When I first arrived in my new home, I seemed an honored guest, for my birth parents, my brother and his wife, and my sister and her husband all regularly asked how I was doing, but by the end of the second week I realized I was beginning to outstay my welcome. We were crowded into a three-bedroom apartment, and the family members who were already there occupied the three bedrooms. I slept on a collapsible bed in the cramped living room, and needed to push the dining table right up against the wall before I could open up the bed. Every morning, my mother would rouse me and ask me to fold up the bed and move the table back into the middle of the room, otherwise people would have no place to eat their breakfast. She apologized for the inconvenience, but assured me that my brother’s work unit was about to assign apartments and my brother-in-law’s unit was about to do the same; after they moved out, I would be able to have a room of my own.

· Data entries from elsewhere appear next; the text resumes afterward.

lemma nn_integral_reflect_add_shift:
  fixes R :: "real \<Rightarrow> ennreal"
  assumes [measurable]: "R \<in> borel_measurable borel"
  shows "(\<integral>\<^sup>+ \<xi>. (R (t - \<xi>) + R (t + \<xi>)) * indicator {0..L} \<xi> \<partial>lborel)
    = (\<integral>\<^sup>+ y. R y * indicator {t - L..<t + L} y \<partial>lborel)"
proof -
  have "(\<integral>\<^sup>+ \<xi>. (R (t - \<xi>) + R (t + \<xi>)) * indicator {0..L} \<xi> \<partial>lborel)
      = (\<integral>\<^sup>+ y. R y * indicator {t - L..t} y + R y * indicator {t..t + L} y \<partial>lborel)"
    by (simp add: distrib_right nn_integral_add nn_integral_reflect_interval nn_integral_shift_interval)
  also have "\<dots> = (\<integral>\<^sup>+ y. R y * indicator {t - L..<t + L} y \<partial>lborel)"
  proof (rule nn_integral_cong_AE)
    show "AE y in lborel. R y * indicator {t - L..t} y + R y * indicator {t..t + L} y
        = R y * indicator {t - L..<t + L} y"
      using AE_lborel_singleton[of t] AE_lborel_singleton[of "t + L"]
      by eventually_elim (auto simp: indicator_def)
  qed
  finally show ?thesis .
qed

lemma nn_integral_count_space_indicator_tiling:
  fixes L :: real
  assumes "L > 0"
  shows "(\<integral>\<^sup>+ n. indicator {z + 2 * of_int n * L - L..<z + 2 * of_int n * L + L} y
      \<partial>count_space (UNIV :: int set)) = 1"
proof -
  define n0 where "n0 = \<lfloor>(y - z + L) / (2 * L)\<rfloor>"
  have "y \<in> {z + 2 * of_int n * L - L..<z + 2 * of_int n * L + L} \<longleftrightarrow> n = n0" for n
  proof -
    have "y \<in> {z + 2 * of_int n * L - L..<z + 2 * of_int n * L + L}
        \<longleftrightarrow> of_int n \<le> (y - z + L) / (2 * L) \<and> (y - z + L) / (2 * L) < of_int n + 1"
      using assms by (auto simp: field_simps)
    also have "\<dots> \<longleftrightarrow> n = n0" unfolding n0_def by (metis floor_eq_iff)
    finally show ?thesis .
  qed
  then have "(\<lambda>n. indicator {z + 2 * of_int n * L - L..<z + 2 * of_int n * L + L} y)
      = (indicator {n0} :: int \<Rightarrow> ennreal)"
    by (auto simp: indicator_def)
  then show ?thesis by simp
qed

text \<open>Method of images: the reflected and shifted copies of \<open>[0, L]\<close> cover each point of the
  real line exactly once.\<close>
lemma nn_integral_periodize_images:
  fixes L :: real
  assumes L: "L > 0" and [measurable]: "R \<in> borel_measurable borel" and even: "\<And>y. R (- y) = R y"
  shows "(\<integral>\<^sup>+ \<xi>. (periodize L R \<bar>x - \<xi>\<bar> + periodize L R (x + \<xi>)) * indicator {0..L} \<xi> \<partial>lborel)
    = (\<integral>\<^sup>+ y. R y \<partial>lborel)"
proof -
  let ?t = "\<lambda>n :: int. x + 2 * of_int n * L"
  let ?J = "\<lambda>n :: int. {?t n - L..<?t n + L}"
  have sum: "periodize L R \<bar>x - \<xi>\<bar> + periodize L R (x + \<xi>)
      = (\<integral>\<^sup>+ n. R (?t n - \<xi>) + R (?t n + \<xi>) \<partial>count_space UNIV)" for \<xi>
    unfolding periodize_abs[where R=R, OF even] unfolding periodize_def
    by (subst nn_integral_add[symmetric]) (auto intro!: nn_integral_cong simp: algebra_simps)
  have "(periodize L R \<bar>x - \<xi>\<bar> + periodize L R (x + \<xi>)) * indicator {0..L} \<xi>
      = (\<integral>\<^sup>+ n. (R (?t n - \<xi>) + R (?t n + \<xi>)) * indicator {0..L} \<xi> \<partial>count_space UNIV)" for \<xi>
    unfolding sum by (rule nn_integral_multc[symmetric]) simp
  then have "(\<integral>\<^sup>+ \<xi>. (periodize L R \<bar>x - \<xi>\<bar> + periodize L R (x + \<xi>)) * indicator {0..L} \<xi> \<partial>lborel)
      = (\<integral>\<^sup>+ n. (\<integral>\<^sup>+ \<xi>. (R (?t n - \<xi>) + R (?t n + \<xi>)) * indicator {0..L} \<xi> \<partial>lborel) \<partial>count_space UNIV)"
    by (simp only:) (rule nn_integral_count_space_nn_integral, auto)
  also have "\<dots> = (\<integral>\<^sup>+ n. (\<integral>\<^sup>+ y. R y * indicator (?J n) y \<partial>lborel) \<partial>count_space UNIV)"
    by (simp only: nn_integral_reflect_add_shift[OF assms(2)])
  also have "\<dots> = (\<integral>\<^sup>+ y. (\<integral>\<^sup>+ n. R y * indicator (?J n) y \<partial>count_space UNIV) \<partial>lborel)"
    by (rule nn_integral_count_space_nn_integral[symmetric]) auto
  also have "\<dots> = (\<integral>\<^sup>+ y. R y \<partial>lborel)"
    by (intro nn_integral_cong)
      (simp add: nn_integral_cmult nn_integral_count_space_indicator_tiling[OF L])
  finally show ?thesis .
qed

section \<open>Majorizing the kernel\<close>

locale K0_kernel =
  fixes a b eps beta L :: real
  assumes a: "a > 0" and b: "b > 0" and eps: "eps > 0" and beta: "beta > 0" and L: "L > 0"
begin

definition heat_kernel :: "real \<Rightarrow> real \<Rightarrow> real" where
  "heat_kernel s y = exp (- (y\<^sup>2) / (4 * eps * s) - a * s) / (2 * sqrt (pi * eps) * sqrt s)"

text \<open>\<open>heat_kernel w y * memory_weight s w\<close> is the integrand of the memory term of \<open>K0\<close>
  without its Bessel factor, so replacing \<open>J\<^sub>1\<close> by \<open>1\<close> turns \<open>K0\<close> into the nonnegative
  \<open>majorant\<close> below.\<close>
definition memory_weight :: "real \<Rightarrow> real \<Rightarrow> real" where
  "memory_weight s w = sqrt w * exp (- beta * (s - w)) / sqrt (s - w)"

definition majorant :: "real \<Rightarrow> real \<Rightarrow> ennreal" where
  "majorant s y = ennreal (heat_kernel s y) + ennreal (sqrt b) *
     (\<integral>\<^sup>+ w. ennreal (heat_kernel w y * memory_weight s w) * indicator {0..s} w \<partial>lborel)"

definition majorant_mass :: "real \<Rightarrow> ennreal" where
  "majorant_mass s = ennreal (exp (- a * s)) + ennreal (sqrt b) *
     (\<integral>\<^sup>+ w. ennreal (exp (- a * w) * memory_weight s w) * indicator {0..s} w \<partial>lborel)"

lemma heat_kernel_nonneg: "s \<ge> 0 \<Longrightarrow> heat_kernel s y \<ge> 0"
  unfolding heat_kernel_def using eps by simp

lemma memory_weight_nonneg: "w \<in> {0..s} \<Longrightarrow> memory_weight s w \<ge> 0"
  unfolding memory_weight_def by simp

lemma K0_eq_heat_kernel_minus_memory:
  "K0 a b eps beta y s = heat_kernel s y
     - sqrt b * integral {0..s} (\<lambda>w. heat_kernel w y * memory_weight s w * bessel_J1 (2 * sqrt (b * w * (s - w))))"
proof -
  let ?c = "2 * sqrt (pi * eps)"
  let ?g = "\<lambda>w. exp (- (y\<^sup>2) / (4 * eps * w) - a * w) / sqrt (s - w)
          * exp (- beta * (s - w)) * bessel_J1 (2 * sqrt (b * w * (s - w)))"
  have "?g w / ?c = heat_kernel w y * memory_weight s w * bessel_J1 (2 * sqrt (b * w * (s - w)))"
    if "w \<in> {0..s}" for w
  proof (cases "w = 0")
    case True
    \<comment> \<open>both sides vanish: \<open>heat_kernel 0 y = 0\<close> by division by zero, and \<open>J\<^sub>1 0 = 0\<close>\<close>
    then show ?thesis by (simp add: bessel_J1_eq_J1_series heat_kernel_def)
  next
    case False
    then show ?thesis using that eps by (simp add: heat_kernel_def memory_weight_def)
  qed
  then have "integral {0..s} ?g / ?c
      = integral {0..s} (\<lambda>w. heat_kernel w y * memory_weight s w * bessel_J1 (2 * sqrt (b * w * (s - w))))"
    by (subst integral_divide[symmetric]) (rule integral_cong)
  moreover have "K0 a b eps beta y s
      = exp (- (y\<^sup>2) / (4 * eps * s) - a * s) / sqrt s / ?c - sqrt b * (integral {0..s} ?g / ?c)"
    unfolding K0_def by (simp add: diff_divide_distrib)
  ultimately show ?thesis
    unfolding heat_kernel_def by (simp add: mult.commute)
qed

This new family of mine would often get into arguments. Brother and sister-in-law would argue, sister and brother-in-law would argue, my birth parents would argue, and sometimes everyone would argue in such a confused medley that I couldn’t sort out who was arguing with whom. Once, they got into an argument on my account; it happened when I was about to go for a job interview. My brother said I was getting the thin end of the wedge by having to sleep in the living room and proposed that once I had work and a salary I should rent an apartment outside, and my sister said the same thing. My mother got angry. “You both have jobs and salaries,” she shouted, wagging her finger at them, “so why don’t
you
go rent an apartment outside?”

My father supported my mother, saying my siblings had been working for several years and had some money in the bank, so they should find a place of their own. So then they argued back, detailing how their classmates’ parents had so much pull that they had lined up homes for their children ages ago. My father, livid with rage, cursed my brother and sister for having “wolves’ hearts” and “dogs’ lungs.” My mother delivered a similar accusation but in milder language, cursing them for having no conscience, saying they would never have got their current jobs had my father not pulled strings on their behalf. I stood in the corner and watched in desolation as their argument raged. After this my brother fell out with his wife and my sister with her husband. The two women scolded their husbands for not having enough get-up-and-go, saying how so-and-so’s husband and so-and-so’s husband in their respective work units were so much more resourceful, acquiring in short order house and car and money. The two men didn’t take this lying down: their wives were welcome to get a divorce, they said, and then try their luck landing a man with a house and car and money. My sister ran into her room to draft a divorce agreement, and my sister-in-law did the same. My brother-in-law and brother rushed to put their signatures on the documents. After that there were more tantrums, and threats of suicide. First it was my sister-in-law who ran onto the balcony and prepared to throw herself off, and then my sister followed. My brother and brother-in-law softened at this point, grabbing hold of the two women, appealing to their sense of reason and then admitting their own fault. In front of me, one of the men fell to his knees and the other began to slap his own face. At this point my parents retreated to their bedroom, closed the door, and went to bed, for they were only too familiar with this kind of row.